### TASK ITEM:
Among the lines below, count those containing the word "refl". Give the number only.

### DATA EXCERPTS:
(* Let $\underline{E}=(E_p)_{p\in\mathbb{P}}$ with $E_p\subseteq\overline{\mathbb{Z}_p}$ for every prime $p$, and assume $\underline{E}$ is locally bounded and closed (each $E_p$ is closed in $\overline{\mathbb{Z}_p}$). Let $R=\textnormal{Int}_{\mathbb{Q}}(\underline{E},\overline{\widehat{\mathbb{Z}}})$. If $M\subset R$ is a prime ideal with $M\cap\mathbb{Z}=p\mathbb{Z}$ for some prime $p$, then $M$ is a maximal ideal and there exists $\alpha\in E_p$ such that $M=\mathfrak{M}_{p,\alpha}:=\{f\in R\mid v_p(f(\alpha))>0\}$.
   Context: $\mathbb{P}$ is the set of primes; $\overline{\mathbb{Z}_p}$ is the integral closure of $\mathbb{Z}_p$ in a fixed algebraic closure $\overline{\mathbb{Q}_p}$ of $\mathbb{Q}_p$, with the topology given by $v_p$, the unique extension of the $p$-adic valuation to $\overline{\mathbb{Q}_p}$. For $E_p\subseteq\overline{\mathbb{Z}_p}$, $\textnormal{Int}_{\mathbb{Q}}(E_p,\overline{\mathbb{Z}_p})=\{f\in\mathbb{Q}[X]\mid f(E_p)\subseteq\overline{\mathbb{Z}_p}\}$, and $\textnormal{Int}_{\mathbb{Q}}(\underline{E},\overline{\widehat{\mathbb{Z}}})=\bigcap_p\textnormal{Int}_{\mathbb{Q}}(E_p,\overline{\mathbb{Z}_p})$ (components $E_p$ may be empty). $\underline{E}$ is locally bounded if for each prime $p$ the set $\{[\mathbb{Q}_p(\alpha):\mathbb{Q}_p]\mid\alpha\in E_p\}$ is bounded. *)

theory Defs
  imports "HOL-Algebra.Ideal" "HOL-Computational_Algebra.Polynomial"
    "HOL-Library.Extended_Real" Complex_Main
begin
lemma tab_vR_rotate_first:
  assumes "1 \<le> i" "i \<le> n"
  shows "tab (vR_y n i @ [vR_x n i ! 0]) (take 0 (vR_x n i) @ drop 1 (vR_x n i)) S
    = (-1) ^ (n - i) * basis_T n S"
proof -
  let ?xs = "[1..<i] @ [Suc i..<Suc n] @ [i]"
  have "vR_y n i @ [vR_x n i ! 0] = ?xs" "take 0 (vR_x n i) @ drop 1 (vR_x n i) = [n+1..<2*n]"
    using assms by (simp_all add: vR_y_eq vR_x_def)
  moreover have "inversions ?xs = n - i"
    using assms by (subst inversions_append_less, force, subst inversions_append_greater)
      (auto simp: inversions_sorted)
  moreover have "set ?xs = {1..n}"
    using assms by auto
  moreover have "distinct ?xs"
    using assms by auto
  ultimately show ?thesis
    by (simp add: basis_T_def tab_eq_basis_vec inversions_sorted)
qed

lemma tab_vR_rotate:
  assumes "1 \<le> i" "i \<le> n" "2 \<le> p" "p \<le> n"
  shows "tab (vR_y n i @ [vR_x n i ! (p - 1)]) (take (p - 1) (vR_x n i) @ drop p (vR_x n i)) S
    = basis_swap n i (p - 1) S"
proof -
  let ?xs = "[1..<i] @ [Suc i..<Suc n] @ [n + p - 1]"
  let ?ys = "i # [n+1..<n + p - 1] @ [n + p..<2*n]"
  have sorted: "sorted_wrt (<) ?xs" "sorted_wrt (<) ?ys"
    using assms by (auto simp: sorted_wrt_append; linarith)+
  have "vR_y n i @ [vR_x n i ! (p - 1)] = ?xs" "take (p - 1) (vR_x n i) @ drop p (vR_x n i) = ?ys"
    using assms by (auto simp: vR_y_eq vR_x_def take_Cons' drop_Cons' Suc_diff_Suc)
  moreover have "inversions ?xs = 0" "inversions ?ys = 0"
    using sorted by (simp_all only: inversions_sorted)
  moreover have "set ?xs = insert (n + (p - 1)) ({1..n} - {i})"
    "set ?ys = insert i ({n+1..<2*n} - {n + (p - 1)})"
    using assms by auto
  moreover have "distinct ?xs" "distinct ?ys"
    using assms by auto
  ultimately show ?thesis
    by (simp add: basis_swap_def tab_eq_basis_vec)
qed

lemma length_vT_x [simp]: "length (vT_x n) = n"
  by (simp add: vT_x_def)

lemma length_vR_x [simp]: "1 \<le> n \<Longrightarrow> length (vR_x n i) = n"
  by (simp add: vR_x_def)

lemma eta_vT:
  "eta_br (vT_x n) (vT_y n) S = of_nat (n - 1) * basis_T n S
     - (\<Sum>j = 1..n - 1. \<Sum>k = 1..n. (-1) ^ (n - k + (j - 1)) * basis_swap n k j S)"
  unfolding eta_br_def pi_br_def length_vT_x tab_vT
  by (intro arg_cong2[where f = "(-)"] refl sum.cong tab_vT_swap) auto

lemma phi_vT:
  "phi_br (vT_x n) (vT_y n) S = basis_T n S - (\<Sum>i = 1..n. (-1) ^ (i - 1) * basis_R n i S)"
proof -
  have "(-1) ^ (n - i) * tab (vT_y n @ [vT_x n ! (i - 1)]) (take (i - 1) (vT_x n) @ drop i (vT_x n)) S
      = (-1) ^ (i - 1) * basis_R n i S"
    if "i \<in> {1..n}" for i
  proof -
    have i: "1 \<le> i" "i \<le> n"
      using that by auto
    have "(-1) ^ (n - i) * (-1) ^ (n - 1) = ((-1) ^ (i - 1) :: complex)"
      unfolding power_add[symmetric] using i by (intro minus_one_power_eq) auto
    then show ?thesis
      unfolding tab_vT_rotate[OF i] mult.assoc[symmetric] by simp
  qed
  then show ?thesis
    unfolding phi_br_def length_vT_x tab_vT by (metis (no_types, lifting) sum.cong)
qed

lemma phi_vR_rotations:
  assumes "1 \<le> i" "i \<le> n"
  shows "(\<Sum>p = 1..n. (-1) ^ (n - p)
            * tab (vR_y n i @ [vR_x n i ! (p - 1)]) (take (p - 1) (vR_x n i) @ drop p (vR_x n i)) S)
    = (-1) ^ (n - 1) * ((-1) ^ (n - i) * basis_T n S)
      + (\<Sum>m = 1..n - 1. (-1) ^ (n - Suc m) * basis_swap n i m S)"
proof -
  obtain q where q: "n = Suc q"
    using assms by (cases n) auto
  have "(\<Sum>p = 1..n. (-1) ^ (n - p)
            * tab (vR_y n i @ [vR_x n i ! (p - 1)]) (take (p - 1) (vR_x n i) @ drop p (vR_x n i)) S)
    = (-1) ^ (n - 1) * tab (vR_y n i @ [vR_x n i ! 0]) (take 0 (vR_x n i) @ drop 1 (vR_x n i)) S
      + (\<Sum>m = 1..q. (-1) ^ (n - Suc m)
            * tab (vR_y n i @ [vR_x n i ! m]) (take m (vR_x n i) @ drop (Suc m) (vR_x n i)) S)"
    unfolding q by (subst sum.atLeast_Suc_atMost, simp, subst sum.shift_bounds_cl_Suc_ivl) simp
  also have "\<dots> = (-1) ^ (n - 1) * ((-1) ^ (n - i) * basis_T n S)
      + (\<Sum>m = 1..n - 1. (-1) ^ (n - Suc m) * basis_swap n i m S)"
    using tab_vR_rotate_first[OF assms] tab_vR_rotate[OF assms, of "Suc m" for m] q
    by (auto intro!: sum.cong)
  finally show ?thesis .
qed

lemma signed_phi_vR:
  assumes "1 \<le> i" "i \<le> n"
  shows "(-1) ^ (i - 1) * phi_br (vR_x n i) (vR_y n i) S
    = (-1) ^ (i - 1) * basis_R n i S - basis_T n S
      + (\<Sum>m = 1..n - 1. (-1) ^ (n - i + (m - 1)) * basis_swap n i m S)"
proof -
  have "(-1) ^ (i - 1) * ((-1) ^ (n - 1) * (-1) ^ (n - i)) = ((-1) ^ 0 :: complex)"
    unfolding power_add[symmetric] using assms by (intro minus_one_power_eq) auto
  then have sign_T: "(-1) ^ (i - 1) * ((-1) ^ (n - 1) * (-1) ^ (n - i)) = (1 :: complex)"
    by simp
  have sign_swaps: "(\<Sum>m = 1..n - 1. (-1) ^ (i - 1) * (-1) ^ (n - Suc m) * basis_swap n i m S)
      = - (\<Sum>m = 1..n - 1. (-1) ^ (n - i + (m - 1)) * basis_swap n i m S)"
    unfolding sum_negf[symmetric]
  proof (intro sum.cong refl)
    fix m
    assume "m \<in> {1..n - 1}"
    then have "(-1) ^ (i - 1) * (-1) ^ (n - Suc m) = ((-1) ^ Suc (n - i + (m - 1)) :: complex)"
      unfolding power_add[symmetric] using assms by (intro minus_one_power_eq) auto
    then show "(-1) ^ (i - 1) * (-1) ^ (n - Suc m) * basis_swap n i m S
        = - ((-1) ^ (n - i + (m - 1)) * basis_swap n i m S)"
      by simp
  qed
  have "phi_br (vR_x n i) (vR_y n i) S = basis_R n i S
      - ((-1) ^ (n - 1) * ((-1) ^ (n - i) * basis_T n S)
         + (\<Sum>m = 1..n - 1. (-1) ^ (n - Suc m) * basis_swap n i m S))"
    unfolding phi_br_def length_vR_x[OF order_trans[OF assms]] tab_vR[OF assms]
      phi_vR_rotations[OF assms] ..
  then have "(-1) ^ (i - 1) * phi_br (vR_x n i) (vR_y n i) S
      = (-1) ^ (i - 1) * basis_R n i S - ((-1) ^ (i - 1) * ((-1) ^ (n - 1) * (-1) ^ (n - i))) * basis_T n S
        - (\<Sum>m = 1..n - 1. (-1) ^ (i - 1) * (-1) ^ (n - Suc m) * basis_swap n i m S)"
    by (simp add: right_diff_distrib distrib_left sum_distrib_left mult.assoc diff_diff_eq)
  also have "\<dots> = (-1) ^ (i - 1) * basis_R n i S - basis_T n S
      + (\<Sum>m = 1..n - 1. (-1) ^ (n - i + (m - 1)) * basis_swap n i m S)"
    unfolding sign_T sign_swaps by simp
  finally show ?thesis .
qed

lemma sum_signed_phi_vR:
  assumes "1 \<le> n"
  shows "(\<Sum>i = 1..n. (-1) ^ (i - 1) * phi_br (vR_x n i) (vR_y n i) S)
    = (\<Sum>i = 1..n. (-1) ^ (i - 1) * basis_R n i S) - of_nat n * basis_T n S
      + (\<Sum>j = 1..n - 1. \<Sum>k = 1..n. (-1) ^ (n - k + (j - 1)) * basis_swap n k j S)"
proof -
  have "(\<Sum>i = 1..n. (-1) ^ (i - 1) * phi_br (vR_x n i) (vR_y n i) S)
      = (\<Sum>i = 1..n. (-1) ^ (i - 1) * basis_R n i S - basis_T n S
          + (\<Sum>j = 1..n - 1. (-1) ^ (n - i + (j - 1)) * basis_swap n i j S))"
    by (intro sum.cong refl signed_phi_vR) auto
  also have "\<dots> = (\<Sum>i = 1..n. (-1) ^ (i - 1) * basis_R n i S) - of_nat n * basis_T n S
      + (\<Sum>i = 1..n. \<Sum>j = 1..n - 1. (-1) ^ (n - i + (j - 1)) * basis_swap n i j S)"
    by (simp add: sum.distrib sum_subtractf)
  also have "(\<Sum>i = 1..n. \<Sum>j = 1..n - 1. (-1) ^ (n - i + (j - 1)) * basis_swap n i j S)
      = (\<Sum>j = 1..n - 1. \<Sum>k = 1..n. (-1) ^ (n - k + (j - 1)) * basis_swap n k j S)"
    by (rule sum.swap)
  finally show ?thesis .
qed

theorem mainTheorem7:
  fixes n :: nat
  assumes "n \<ge> 2"
  shows "eta_br (vT_x n) (vT_y n) =
    (\<lambda>S. - (phi_br (vT_x n) (vT_y n) S
       + (\<Sum>i = 1..n. (-1) ^ (i - 1) * phi_br (vR_x n i) (vR_y n i) S)))"
proof
  fix S
  have "(of_nat (n - 1) :: complex) = of_nat n - 1"
    using assms by (simp add: of_nat_diff)
  with assms show "eta_br (vT_x n) (vT_y n) S = - (phi_br (vT_x n) (vT_y n) S
       + (\<Sum>i = 1..n. (-1) ^ (i - 1) * phi_br (vR_x n i) (vR_y n i) S))"
    unfolding eta_vT phi_vT sum_signed_phi_vR[OF order_trans[OF one_le_numeral assms]]
    by (simp add: algebra_simps)
qed
(* Let $D$ be a delta-matroid on $[n,\overline{n}]$ and let $\square=[-1,1]^n$. The map $S\mapsto e_S$ induces a bijection between the independent sets of $D$ and the lattice points (points of $\mathbb{Z}^n$) of the polytope $\frac{1}{2}(P(D)+\square)$, where $+$ denotes Minkowski sum.
   Context: Let $[n,\overline{n}]=\{1,\dots,n,\overline{1},\dots,\overline{n}\}$ with involution $a\mapsto\overline{a}$; $\overline{S}=\{\overline{a}:a\in S\}$. A subset is admissible if it contains at most one of $i,\overline{i}$ for each $i$; $\operatorname{AdS}_n$ is the set of admissible subsets. In $\mathbb{R}^n$ set $e_{\overline{i}}=-e_i$, $e_S=\sum_{a\in S}e_a$. A delta-matroid $D$ on $[n,\overline{n}]$ is a nonempty collection $\mathcal{F}$ of admissible sets of size $n$ (feasible sets) such that $P(D)=\operatorname{Conv}\{e_B:B\in\mathcal{F}\}$ has all edges parallel to some $e_i$ or $e_i\pm e_j$. Rank function: $g_D(S)=\max_{B\in\mathcal{F}}(|S\cap B|-|\overline{S}\cap B|)$. An admissible $S$ is independent in $D$ if $g_D(S)=|S|$, equivalently if $S$ is contained in a feasible set. *)

theory Defs
  imports "HOL-Analysis.Analysis"
begin

text \<open>The ground set [n, nbar] is modelled as the type 'n \<times> bool, where n = CARD('n):
  (i, True) stands for i and (i, False) stands for its bar.\<close>

definition bar :: "'n \<times> bool \<Rightarrow> 'n \<times> bool" where
  "bar a = (fst a, \<not> snd a)"

definition barset :: "('n \<times> bool) set \<Rightarrow> ('n \<times> bool) set" where
  "barset S = bar ` S"

definition admissible :: "('n \<times> bool) set \<Rightarrow> bool" where
  "admissible S \<longleftrightarrow> (\<forall>i. \<not> ((i, True) \<in> S \<and> (i, False) \<in> S))"

definition evec :: "'n::finite \<times> bool \<Rightarrow> real ^ 'n" where
  "evec a = (if snd a then axis (fst a) 1 else - axis (fst a) 1)"

definition eset :: "('n::finite \<times> bool) set \<Rightarrow> real ^ 'n" where
  "eset S = (\<Sum>a\<in>S. evec a)"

### TASK RESULT:
3